Belief systems and culture are essential aspects of S/R interventions and ways of caring for these patients. This intervention approach is consistent with the culture and beliefs of Iranian Muslims and uses schemas and narratives that are familiar to them and thus more effective. Positive S/R coping through faith in God may generate positive thoughts that help patients to deal more effectively with stressful experiences especially when dealing with life threatening diseases such as cancer .
According to sacred Islamic texts, painful experience of having disease such as cancer is considered part of divine order and wisdom, leading the patient into a closer and more intimate relationship with God . While confirming and acknowledging the patient’s previous good deeds (important in Islam), this program helps to redefine religious duties and makes conducting such duties a goal.
Participants in this program talked about how to pray and how prayers are answered according to the sacred texts of Islam and their cultural beliefs.

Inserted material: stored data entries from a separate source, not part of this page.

(* Let $\mathcal{A}$ be a separable unital C*-algebra and $\mathcal{B}$ a unital C*-algebra, and let $\mathcal{A}_1\subset\mathcal{A}_2\subset\cdots\subset\mathcal{A}$ be C*-subalgebras with $\mathcal{A}=\left[\bigcup_{n\in\mathbb{N}}\mathcal{A}_n\right]^-$. Suppose $\pi,\rho\in\mathrm{Rep}(\mathcal{A},\mathcal{B})$ are such that for every $n\in\mathbb{N}$: (1) $\rho|_{\mathcal{A}_n}\in\mathcal{U}_{\mathcal{B}}(\pi|_{\mathcal{A}_n})$, i.e. there is a unitary $U\in\mathcal{B}$ with $U^*\pi(a)U=\rho(a)$ for all $a\in\mathcal{A}_n$; and (2) the unitary group of the relative commutant $\rho(\mathcal{A}_n)'\cap\mathcal{B}$ is connected. Then there is a strong internal path from $\pi$ to $\rho$.
   Context: $\mathrm{Rep}(\mathcal{A},\mathcal{B})$ is the set of unital $*$-homomorphisms $\mathcal{A}\to\mathcal{B}$ with the topology of pointwise norm convergence. $\mathcal{U}_{\mathcal{B}}$ is the unitary group of $\mathcal{B}$ and $\mathcal{U}_{\mathcal{B}}(\pi)=\{U^*\pi(\cdot)U:U\in\mathcal{U}_{\mathcal{B}}\}$. A strong internal path from $\pi$ to $\rho$ is a norm-continuous map $\gamma:[0,1)\to\mathcal{U}_{\mathcal{B}}$ such that $\lim_{t\to1^-}\|\gamma(t)^*\pi(a)\gamma(t)-\rho(a)\|=0$ for every $a\in\mathcal{A}$. *)

theory Defs
  imports "HOL-Analysis.Analysis"
begin

class complex_vector = real_vector +
  fixes scaleC :: "complex \<Rightarrow> 'a \<Rightarrow> 'a"
  assumes scaleC_add_right: "scaleC c (x + y) = scaleC c x + scaleC c y"
    and scaleC_add_left: "scaleC (b + c) x = scaleC b x + scaleC c x"
    and scaleC_scaleC: "scaleC b (scaleC c x) = scaleC (b * c) x"
    and scaleC_one: "scaleC 1 x = x"
    and scaleR_scaleC: "scaleR r x = scaleC (complex_of_real r) x"

class cstar_algebra = complex_vector + real_normed_algebra_1 + banach +
  fixes adj :: "'a \<Rightarrow> 'a"
  assumes norm_scaleC: "norm (scaleC c x) = cmod c * norm x"
    and scaleC_mult_left: "scaleC c x * y = scaleC c (x * y)"
    and mult_scaleC_right: "x * scaleC c y = scaleC c (x * y)"
    and adj_adj: "adj (adj x) = x"
    and adj_add: "adj (x + y) = adj x + adj y"
    and adj_scaleC: "adj (scaleC c x) = scaleC (cnj c) (adj x)"
    and adj_mult: "adj (x * y) = adj y * adj x"
    and cstar_identity: "norm (adj x * x) = norm x ^ 2"

definition separable_space :: "'a::metric_space itself \<Rightarrow> bool" where
  "separable_space _ \<longleftrightarrow> (\<exists>D::'a set. countable D \<and> closure D = UNIV)"

definition cstar_subalgebra :: "'a::cstar_algebra set \<Rightarrow> bool" where
  "cstar_subalgebra S \<longleftrightarrow> 0 \<in> S \<and> (\<forall>x\<in>S. \<forall>y\<in>S. x + y \<in> S \<and> x * y \<in> S)
     \<and> (\<forall>c. \<forall>x\<in>S. scaleC c x \<in> S) \<and> (\<forall>x\<in>S. adj x \<in> S) \<and> closed S"

definition Rep :: "('a::cstar_algebra \<Rightarrow> 'b::cstar_algebra) set" where
  "Rep = {\<pi>. (\<forall>x y. \<pi> (x + y) = \<pi> x + \<pi> y) \<and> (\<forall>c x. \<pi> (scaleC c x) = scaleC c (\<pi> x))
     \<and> (\<forall>x y. \<pi> (x * y) = \<pi> x * \<pi> y) \<and> (\<forall>x. \<pi> (adj x) = adj (\<pi> x)) \<and> \<pi> 1 = 1}"

definition unitary :: "'a::cstar_algebra \<Rightarrow> bool" where
  "unitary u \<longleftrightarrow> adj u * u = 1 \<and> u * adj u = 1"

definition rel_commutant_unitaries :: "('a::cstar_algebra \<Rightarrow> 'b::cstar_algebra) \<Rightarrow> 'a set \<Rightarrow> 'b set" where
  "rel_commutant_unitaries \<rho> S = {u. unitary u \<and> (\<forall>a\<in>S. u * \<rho> a = \<rho> a * u)}"

definition strong_internal_path ::
  "('a::cstar_algebra \<Rightarrow> 'b::cstar_algebra) \<Rightarrow> ('a \<Rightarrow> 'b) \<Rightarrow> (real \<Rightarrow> 'b) \<Rightarrow> bool" where
  "strong_internal_path \<pi> \<rho> \<gamma> \<longleftrightarrow> continuous_on {0..<1} \<gamma> \<and> (\<forall>t\<in>{0..<1}. unitary (\<gamma> t))
     \<and> (\<forall>a. ((\<lambda>t. norm (adj (\<gamma> t) * \<pi> a * \<gamma> t - \<rho> a)) \<longlongrightarrow> 0) (at_left 1))"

This S/R intervention encourages patients to actively participate in the program, and may help to enhance positive forms of coping and reduce negative spiritual that may adversely affect their mental and possibly even physical health [4, 26].
The Qur’an emphasizes that humans are often shortsighted and may not be able to see the divine wisdom in life’s difficulties, particularly physical illnesses. When breast cancer strikes, this may cause women to re-evaluate their belief systems as they confront the illness, seeing it as a test of how strong their faith is and learning humility from it, relying entirely on God. Helping patients understand that, as this intervention sought to do, may enable them to find meaning in their illness and learn important lessons that Muslims believe God is trying to teach them. This may help breast cancer patients to accept their illness, and perhaps even help them to realize that this experience of having breast cancer may be one of the best things that ever happened to them (Qur’an 2:155–157; 6:42; 21:35) .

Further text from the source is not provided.